Thursday, February 25, 2016

Sleeping with the Other

Advances in the study of ancient DNA have led to the finding that modern non-African humans have 1-2% of our DNA coming from Neanderthals, and the Neanderthals also had human DNA.
This exchange, the scientists conclude, took place about 100,000 years ago. That’s a puzzling date, because a great deal of evidence indicates that the ancestors of today’s non-Africans did not expand out of Africa until 50,000 to 60,000 years ago.
 Neanderthals are either a closely related species, or subspecies of our own Homo sapiens.  They split off from the last common ancestor about 600,000 years ago, and left African for Europe.   Studies suggest they had a distinct culture including the burial of the dead.

And these genes have effects on our health:
Snippets of Neanderthal DNA contribute to the contemporary risk for myriad ills, including heart attack, nicotine addiction and mood disorders as well as incontinence, foot callouses and precancerous skin lesions.
The identification of these sequences is made because they exist in the Neanderthal genome, and not in the genomes of Africans.

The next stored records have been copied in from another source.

lemma shifted_diagram_column_closed:
  assumes "strict_part xs" "(i, j) \<in> shifted_diagram xs" "1 \<le> i'" "i' \<le> i" "i' + 1 \<le> j"
  shows "(i', j) \<in> shifted_diagram xs"
proof -
  note nz = strict_part_nonzero[OF assms(1)]
  have "j \<le> i + part xs i" "0 < part xs i"
    using assms(2) nz by (auto simp: mem_shifted_diagram)
  then have "part xs i + (i - i') \<le> part xs i'"
    using part_gap[OF assms(1,3,4)] part_pos_iff[OF nz] by auto
  with \<open>j \<le> i + part xs i\<close> show ?thesis
    using assms(3-5) nz by (auto simp: mem_shifted_diagram)
qed

definition addable_box :: "nat list \<Rightarrow> nat \<times> nat \<Rightarrow> bool" where
  "addable_box mu b \<longleftrightarrow> (case b of (i, j) \<Rightarrow>
     1 \<le> i \<and> i + 1 \<le> j \<and> (i, j) \<notin> shifted_diagram mu
     \<and> (i + 2 \<le> j \<longrightarrow> (i, j - 1) \<in> shifted_diagram mu)
     \<and> (2 \<le> i \<longrightarrow> (i - 1, j) \<in> shifted_diagram mu))"

definition add_box :: "nat list \<Rightarrow> nat \<Rightarrow> nat list" where
  "add_box mu i = (if i \<le> length mu then mu[i - 1 := mu ! (i - 1) + 1] else mu @ [1])"

lemma length_add_box:
  "1 \<le> i \<Longrightarrow> i \<le> length mu + 1 \<Longrightarrow>
    length (add_box mu i) = (if i \<le> length mu then length mu else length mu + 1)"
  by (simp add: add_box_def)

lemma part_add_box:
  "1 \<le> i \<Longrightarrow> i \<le> length mu + 1 \<Longrightarrow>
    part (add_box mu i) k = part mu k + (if k = i then 1 else 0)"
  by (cases "i \<le> length mu") (auto simp: add_box_def part_def nth_list_update nth_append)

lemma add_box_addable:
  assumes mu: "strict_part mu" and b: "addable_box mu (i, j)"
  shows "i \<le> length mu + 1" "strict_part (add_box mu i)"
    "shifted_diagram (add_box mu i) = insert (i, j) (shifted_diagram mu)"
proof -
  note nz = strict_part_nonzero[OF mu]
  from b have i: "1 \<le> i" and j: "i + 1 \<le> j" and out: "(i, j) \<notin> shifted_diagram mu"
    and left: "i + 2 \<le> j \<Longrightarrow> (i, j - 1) \<in> shifted_diagram mu"
    and up: "2 \<le> i \<Longrightarrow> (i - 1, j) \<in> shifted_diagram mu"
    by (auto simp: addable_box_def)
  have j_eq: "j = i + part mu i + 1"
    using out i j left nz by (cases "i + 2 \<le> j") (auto simp: mem_shifted_diagram)
  have up_gap: "part mu i + 1 < part mu (i - 1)" "i - 1 \<le> length mu" if "2 \<le> i"
  proof -
    show "part mu i + 1 < part mu (i - 1)"
      using up[OF that] j_eq nz that by (auto simp: mem_shifted_diagram)
    then show "i - 1 \<le> length mu"
      using part_pos_iff[OF nz, of "i - 1"] by auto
  qed
  show il: "i \<le> length mu + 1"
    using up_gap i by (cases "2 \<le> i") auto
  note part_new = part_add_box[OF i il] and length_new = length_add_box[OF i il]
  show "strict_part (add_box mu i)"
  proof (rule strict_partI)
    fix k assume "1 \<le> k" "k \<le> length (add_box mu i)"
    then show "0 < part (add_box mu i) k"
      using part_pos_iff[OF nz, of k] length_new il by (auto simp: part_new split: if_splits)
  next
    fix k assume k: "1 \<le> k" "k < length (add_box mu i)"
    have "Suc k = i \<or> k < length mu"
      using k length_new il by (cases "i \<le> length mu") auto
    then consider "Suc k = i" | "k = i" | "Suc k \<noteq> i" "k \<noteq> i" "k < length mu"
      by blast
    then show "part (add_box mu i) (Suc k) < part (add_box mu i) k"
    proof cases
      case 1
      then show ?thesis using up_gap(1) k(1) by (auto simp: part_new)
    next
      case 2
      then show ?thesis using part_Suc_le[OF mu k(1)] by (simp add: part_new)
    next
      case 3
      then show ?thesis using part_Suc_less[OF mu k(1)] by (simp add: part_new)
    qed
  qed
  then have "0 \<notin> set (add_box mu i)"
    by (rule strict_part_nonzero)
  then show "shifted_diagram (add_box mu i) = insert (i, j) (shifted_diagram mu)"
    using nz j_eq i by (auto simp: mem_shifted_diagram part_new split: if_splits)
qed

So, you have to wonder;  how did it happen?  what sort of communication occurred between these different groups of early humans that they interbred, and did so sufficiently to leave permanent records in the genomes of both?

I mean, we can't even get along with one another.



1 comment:

Kevin K said...

A rather unfortunate but seemingly likely hypothesis is that modern humans kept Neanderthal slaves.